Task statement: Search the entries for lines that contain the word "then", and report each one found.

Listed entries:
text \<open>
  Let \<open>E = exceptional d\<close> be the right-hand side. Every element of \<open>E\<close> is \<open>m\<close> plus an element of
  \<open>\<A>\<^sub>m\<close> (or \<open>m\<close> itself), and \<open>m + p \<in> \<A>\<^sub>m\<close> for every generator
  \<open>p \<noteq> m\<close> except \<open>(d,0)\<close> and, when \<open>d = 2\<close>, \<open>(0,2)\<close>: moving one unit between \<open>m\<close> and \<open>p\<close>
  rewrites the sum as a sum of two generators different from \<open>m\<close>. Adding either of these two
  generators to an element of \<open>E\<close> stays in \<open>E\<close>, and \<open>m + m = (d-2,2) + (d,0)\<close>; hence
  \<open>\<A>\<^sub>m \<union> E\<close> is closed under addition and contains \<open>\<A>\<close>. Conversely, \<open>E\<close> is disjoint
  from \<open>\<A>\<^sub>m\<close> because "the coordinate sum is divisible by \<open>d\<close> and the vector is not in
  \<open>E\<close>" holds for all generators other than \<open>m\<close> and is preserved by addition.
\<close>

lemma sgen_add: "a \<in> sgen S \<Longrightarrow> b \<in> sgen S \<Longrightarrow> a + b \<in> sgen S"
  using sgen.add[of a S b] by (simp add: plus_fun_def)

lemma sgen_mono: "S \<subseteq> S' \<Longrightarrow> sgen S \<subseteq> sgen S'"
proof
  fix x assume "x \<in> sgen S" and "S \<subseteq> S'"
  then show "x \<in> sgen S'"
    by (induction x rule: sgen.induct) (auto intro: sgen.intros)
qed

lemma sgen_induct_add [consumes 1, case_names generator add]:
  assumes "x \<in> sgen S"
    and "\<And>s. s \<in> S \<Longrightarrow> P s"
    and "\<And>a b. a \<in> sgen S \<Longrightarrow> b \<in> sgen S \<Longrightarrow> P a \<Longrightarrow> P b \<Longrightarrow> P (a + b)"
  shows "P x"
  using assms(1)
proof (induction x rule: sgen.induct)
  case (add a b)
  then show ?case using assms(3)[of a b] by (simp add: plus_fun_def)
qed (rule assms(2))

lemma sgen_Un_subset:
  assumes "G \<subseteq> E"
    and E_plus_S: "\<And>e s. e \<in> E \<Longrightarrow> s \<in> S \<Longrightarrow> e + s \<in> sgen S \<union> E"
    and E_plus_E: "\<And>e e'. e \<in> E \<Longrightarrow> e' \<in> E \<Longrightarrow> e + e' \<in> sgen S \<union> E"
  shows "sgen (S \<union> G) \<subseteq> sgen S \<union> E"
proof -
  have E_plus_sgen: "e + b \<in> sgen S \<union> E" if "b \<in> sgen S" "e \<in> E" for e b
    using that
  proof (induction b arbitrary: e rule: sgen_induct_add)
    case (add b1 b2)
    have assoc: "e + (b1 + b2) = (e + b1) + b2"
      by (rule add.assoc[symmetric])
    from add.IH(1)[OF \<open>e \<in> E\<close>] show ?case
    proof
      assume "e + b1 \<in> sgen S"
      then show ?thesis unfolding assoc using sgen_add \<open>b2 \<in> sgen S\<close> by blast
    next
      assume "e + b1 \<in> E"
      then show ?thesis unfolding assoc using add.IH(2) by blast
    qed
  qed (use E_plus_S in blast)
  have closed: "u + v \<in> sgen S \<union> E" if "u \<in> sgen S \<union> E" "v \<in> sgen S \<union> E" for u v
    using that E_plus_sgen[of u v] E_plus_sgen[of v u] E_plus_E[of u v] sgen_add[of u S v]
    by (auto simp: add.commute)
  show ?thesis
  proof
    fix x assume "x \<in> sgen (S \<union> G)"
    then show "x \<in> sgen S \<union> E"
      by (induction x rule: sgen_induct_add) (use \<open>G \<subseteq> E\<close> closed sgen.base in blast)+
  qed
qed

Written answer:
  then show "x \<in> sgen S'"
  then show ?case using assms(3)[of a b] by (simp add: plus_fun_def)
      then show ?thesis unfolding assoc using sgen_add \<open>b2 \<in> sgen S\<close> by blast
      then show ?thesis unfolding assoc using add.IH(2) by blast
    then show "x \<in> sgen S \<union> E"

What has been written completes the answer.